Seasons
- ← 19841986 →

= 1985 Australian Sports Car Championship =

The 1985 Australian Sports Car Championship was a CAMS sanctioned motor racing title for drivers of Group A Sports Cars. It was the 17th Australian Sports Car Championship and the first to be run concurrently with the Australian GT Championship.

1982 Australian Sports Car Champion Chris Clearihan won his second national title, driving a Kaditcha Chevrolet. Only 2.5 points behind Clearihan was Terry Hook in the ex-Guy Edwards owned Chevrolet powered Lola T610 (this car had previously competed at Le Mans in 1982 and 1983), while finishing 3rd in his Mazda powered JWS C2 (an FIA Group C2 sports car) was Jeff Harris.

The 1985 ASCC saw the début of the Veskanda C1 Chevrolet (using a 5.0L Formula 5000 engine) and driven by dual Australian Drivers' Champion John Bowe. Built in Adelaide by K&A Engineering and owned by ASCC driver Bernie Van Elsen, the Veskanda would go on to be regarded as Australia's fastest ever sports car and one of the countries fastest ever race cars. The Veskanda made its race debut in Round 4 at its home circuit, the Adelaide International Raceway where Bowe failed to finish, though he would win Round 5 at Melbourne's Calder Park Raceway, easily defeating the previously dominant Clearihan Kaditcha and Hook Lola. Bowe finished in 7th place in the championship with 25 points.

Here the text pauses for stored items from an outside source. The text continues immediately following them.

lemma chi0_norm_Bhat_le:
  assumes "t \<le> T" and [measurable]: "in_L2chi0 T uh" "in_L2chi0 T vh"
  shows "chi0_norm (Bhat a \<nu> uh vh t) \<le> ennreal (\<Sum>j\<in>UNIV. symbol_bound a j)
    * (\<integral>\<^sup>+p. ennreal (heat_kernel \<nu> t p) * modulus_conv T uh vh p \<partial>lborel)"
proof -
  have "chi0_norm (Bhat a \<nu> uh vh t) \<le> (\<integral>\<^sup>+\<xi>. ennreal (\<Sum>j\<in>UNIV. symbol_bound a j)
      * (\<integral>\<^sup>+s. ennreal (heat_kernel \<nu> t (\<xi>, s)) * modulus_conv T uh vh (\<xi>, s) \<partial>lborel) \<partial>lborel)"
    unfolding chi0_norm_def by (intro nn_integral_mono ennreal_norm_Bhat_le assms)
  also have "\<dots> = ennreal (\<Sum>j\<in>UNIV. symbol_bound a j)
      * (\<integral>\<^sup>+\<xi>. \<integral>\<^sup>+s. ennreal (heat_kernel \<nu> t (\<xi>, s)) * modulus_conv T uh vh (\<xi>, s) \<partial>lborel \<partial>lborel)"
    by (rule nn_integral_cmult) measurable
  also have "(\<integral>\<^sup>+\<xi>. \<integral>\<^sup>+s. ennreal (heat_kernel \<nu> t (\<xi>, s)) * modulus_conv T uh vh (\<xi>, s) \<partial>lborel \<partial>lborel)
      = (\<integral>\<^sup>+p. ennreal (heat_kernel \<nu> t p) * modulus_conv T uh vh p \<partial>lborel)"
    unfolding lborel_prod[symmetric]
    by (rule lborel.nn_integral_fst[where f="\<lambda>p. ennreal (heat_kernel \<nu> t p) * modulus_conv T uh vh p"])
      measurable
  finally show ?thesis .
qed

lemma L2chi0_sq_Bhat_le:
  assumes "\<nu> > 0" and uv [measurable]: "in_L2chi0 T uh" "in_L2chi0 T vh"
  shows "L2chi0_sq T (Bhat a \<nu> uh vh)
    \<le> ennreal ((\<Sum>j\<in>UNIV. symbol_bound a j)\<^sup>2 / (2 * \<nu>)) * (\<integral>\<^sup>+p. modulus_conv T uh vh p \<partial>lborel)\<^sup>2"
proof -
  define K where "K = (\<Sum>j\<in>UNIV. symbol_bound a j)"
  define w where "w = modulus_conv T uh vh"
  define W where "W = (\<integral>\<^sup>+p. w p \<partial>lborel)"
  have K: "K \<ge> 0"
    unfolding K_def by (intro sum_nonneg symbol_bound_nonneg)
  have [measurable]: "w \<in> borel_measurable lborel"
    using modulus_conv_measurable[OF uv] by (simp add: w_def lborel_prod)
  have "indicator {0..T} t * (chi0_norm (Bhat a \<nu> uh vh t))\<^sup>2
      \<le> ennreal (K\<^sup>2) * W * (\<integral>\<^sup>+p. w p * (ennreal (heat_kernel \<nu> t p))\<^sup>2 \<partial>lborel)" for t
  proof (cases "t \<in> {0..T}")
    case True
    have "(chi0_norm (Bhat a \<nu> uh vh t))\<^sup>2 \<le> (ennreal K * (\<integral>\<^sup>+p. ennreal (heat_kernel \<nu> t p) * w p \<partial>lborel))\<^sup>2"
      using True unfolding K_def w_def by (intro power_mono chi0_norm_Bhat_le uv) auto
    also have "\<dots> = ennreal (K\<^sup>2) * (\<integral>\<^sup>+p. ennreal (heat_kernel \<nu> t p) * w p \<partial>lborel)\<^sup>2"
      using K by (simp add: power_mult_distrib ennreal_power)
    also have "\<dots> \<le> ennreal (K\<^sup>2) * ((\<integral>\<^sup>+p. w p * (ennreal (heat_kernel \<nu> t p))\<^sup>2 \<partial>lborel) * W)"
      unfolding W_def by (intro mult_left_mono Cauchy_Schwarz_nn_integral_weighted) measurable
    finally show ?thesis using True by (simp add: mult_ac)
  qed simp
  then have "L2chi0_sq T (Bhat a \<nu> uh vh)
      \<le> (\<integral>\<^sup>+t. ennreal (K\<^sup>2) * W * (\<integral>\<^sup>+p. w p * (ennreal (heat_kernel \<nu> t p))\<^sup>2 \<partial>lborel) \<partial>lborel)"
    unfolding L2chi0_sq_def by (intro nn_integral_mono)
  also have "\<dots> = ennreal (K\<^sup>2) * W * (\<integral>\<^sup>+t. \<integral>\<^sup>+p. w p * (ennreal (heat_kernel \<nu> t p))\<^sup>2 \<partial>lborel \<partial>lborel)"
    by (rule nn_integral_cmult) measurable
  also have "(\<integral>\<^sup>+t. \<integral>\<^sup>+p. w p * (ennreal (heat_kernel \<nu> t p))\<^sup>2 \<partial>lborel \<partial>lborel)
      = (\<integral>\<^sup>+p. \<integral>\<^sup>+t. w p * (ennreal (heat_kernel \<nu> t p))\<^sup>2 \<partial>lborel \<partial>lborel)"
    by (rule lborel_pair.Fubini') measurable
  also have "\<dots> = (\<integral>\<^sup>+p. w p * (\<integral>\<^sup>+t. (ennreal (heat_kernel \<nu> t p))\<^sup>2 \<partial>lborel) \<partial>lborel)"
    by (intro nn_integral_cong nn_integral_cmult) measurable
  also have "\<dots> \<le> (\<integral>\<^sup>+p. w p * ennreal (1 / (2 * \<nu>)) \<partial>lborel)"
    using nn_integral_heat_kernel_sq_le[OF \<open>\<nu> > 0\<close>]
    by (intro nn_integral_mono mult_left_mono) (auto simp: split_paired_all)
  also have "\<dots> = W * ennreal (1 / (2 * \<nu>))"
    unfolding W_def by (rule nn_integral_multc) measurable
  also have "ennreal (K\<^sup>2) * W * (W * ennreal (1 / (2 * \<nu>))) = ennreal (K\<^sup>2 / (2 * \<nu>)) * W\<^sup>2"
    using \<open>\<nu> > 0\<close> by (simp add: ennreal_mult[symmetric] power2_eq_square mult_ac)
  finally show ?thesis
    by (simp add: K_def W_def w_def mult_left_mono)
qed

theorem proposition2p2:
  fixes a :: "3 \<Rightarrow> 3 \<Rightarrow> 3 \<Rightarrow> 3 \<Rightarrow> 3 \<Rightarrow> 3 \<Rightarrow> real"
  shows "\<exists>C::real. \<forall>\<nu> T uh vh. \<nu> > 0 \<longrightarrow> T > 0 \<longrightarrow> in_L2chi0 T uh \<longrightarrow> in_L2chi0 T vh \<longrightarrow>
           L2chi0_sq T (Bhat a \<nu> uh vh) < \<infinity> \<and>
           L2chi0_norm T (Bhat a \<nu> uh vh)
             \<le> C / sqrt \<nu> * L2chi0_norm T uh * L2chi0_norm T vh"
proof (intro exI allI impI)
  fix \<nu> T :: real and uh vh
  assume "\<nu> > 0" "T > 0" and uv: "in_L2chi0 T uh" "in_L2chi0 T vh"
  let ?K = "\<Sum>j\<in>UNIV. symbol_bound a j"
  have "L2chi0_sq T (Bhat a \<nu> uh vh)
      \<le> ennreal (?K\<^sup>2 / (2 * \<nu>)) * (\<integral>\<^sup>+p. modulus_conv T uh vh p \<partial>lborel)\<^sup>2"
    by (rule L2chi0_sq_Bhat_le[OF \<open>\<nu> > 0\<close> uv])
  also have "\<dots> \<le> ennreal (?K\<^sup>2 / (2 * \<nu>)) * (L2chi0_sq T uh * L2chi0_sq T vh)"
    by (intro mult_left_mono nn_integral_modulus_conv_sq_le uv) simp
  finally have bound: "L2chi0_sq T (Bhat a \<nu> uh vh) \<le> \<dots>" .
  have finite: "L2chi0_sq T uh < \<infinity>" "L2chi0_sq T vh < \<infinity>"
    using uv by (simp_all add: in_L2chi0_def)
  have "sqrt (?K\<^sup>2 / (2 * \<nu>)) = ?K / sqrt 2 / sqrt \<nu>"
    using \<open>\<nu> > 0\<close> by (simp add: real_sqrt_divide real_sqrt_mult sum_nonneg symbol_bound_nonneg)
  with sqrt_enn2real_le_of_le_mult[OF bound _ finite] \<open>\<nu> > 0\<close>
  show "L2chi0_sq T (Bhat a \<nu> uh vh) < \<infinity> \<and>
      L2chi0_norm T (Bhat a \<nu> uh vh) \<le> ?K / sqrt 2 / sqrt \<nu> * L2chi0_norm T uh * L2chi0_norm T vh"
    by (simp add: L2chi0_norm_def)
qed

end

The 1984 Champion, Queenslander Bap Romano driving his 3.9L Cosworth DFL powered Romano WE84 was expected to bring a strong challenge in defence of his title despite now running in the outright class due to the larger Cosworth V8, but unreliability saw his challenge fade as the series progressed (prior to December 1984 the Romano WE84 had used an ex-Formula One 3.0 L Cosworth DFV V8 engine which put the car in Class B). In the defence of his title, Romano finished in 6th place having only scored 36.5 points.

==Schedule==
The championship was contested over a six-round series.

| Round | Circuit | State | Date | Format | Round winner | Car |
| 1 | Lakeside | Queensland | 24 March | One race | Chris Clearihan | Kaditcha Chevrolet |
| 2 | Oran Park | New South Wales | 5 May | Two heats | Chris Clearihan | Kaditcha Chevrolet |
| 3 | Winton | Victoria | 2 June | Two heats | Terry Hook | Lola T610 Chevrolet |
| 4 | Adelaide | South Australia | 30 June | One race | Terry Hook | Lola T610 Chevrolet |
| 5 | Calder Park | Victoria | 11 August | One race | John Bowe | Veskanda C1 Chevrolet |
| 6 | Surfers Paradise | Queensland | 25 August | One race | Chris Clearihan | Kaditcha Chevrolet |

==Classes==
Cars competed in three engine capacity classes.
- Up to 1.6 litres
- 1.6 to 3 litres
- Over 3 litres

==Points system==
For single race rounds, championship points were awarded to the top twenty outright placegetters in the Sports Car category, based on the following three tier structure:

Position: 1; 2; 3; 4; 5; 6; 7; 8; 9; 10; 11; 12; 13; 14; 15; 16; 17; 18; 19; 20
Up to 1.6 litres: 30; 27; 24; 21; 19; 17; 15; 14; 13; 12; 11; 10; 9; 8; 7; 6; 5; 4; 3; 2
1.6 to 3 litres: 28; 26; 23; 20; 17; 15; 14; 13; 12; 11; 10; 9; 8; 7; 6; 5; 4; 3; 2; 1
Over 3 litres: 25; 23; 20; 17; 15; 13; 11; 10; 9; 8; 7; 6; 5; 4; 3; 2; 1; -; -; -

For rounds contested over two heats, the same points system was applied to each heat, with the aggregate points achieved by each driver divided by two to determine the championship points allocation for the round.

==Results==

| Position | Driver | No. | Car | Entrant | Class | R1 | R2 | R3 | R4 | R5 | R6 | Total |
| 1 | Chris Clearihan | 22 | Kaditcha Chevrolet | Chris Clearihan | Over 3 litre | 25 | 25 | 11.5 | 23 | 20 | 23 | 127.5 |
| 2 | Terry Hook | 15 | Lola T610 Chevrolet | Terry Hook | Over 3 litre | 23 | 10 | 24 | 25 | 23 | 20 | 125 |
| 3 | Jeff Harris | 65 | JWS C2 Mazda | Jeff Harris | 1.6 to 3 litre | 17 | 21.5 | 14 | 20 | 20 | 20 | 112.5 |
| 4 | Ray Hanger | 5 & 8 | Rennmax Ford BDA | Ray Hanger | 1.6 to 3 litre | 23 | 13 | 23 | - | 15 | - | 74 |

Note: The above table lists only the first four placings in the championship.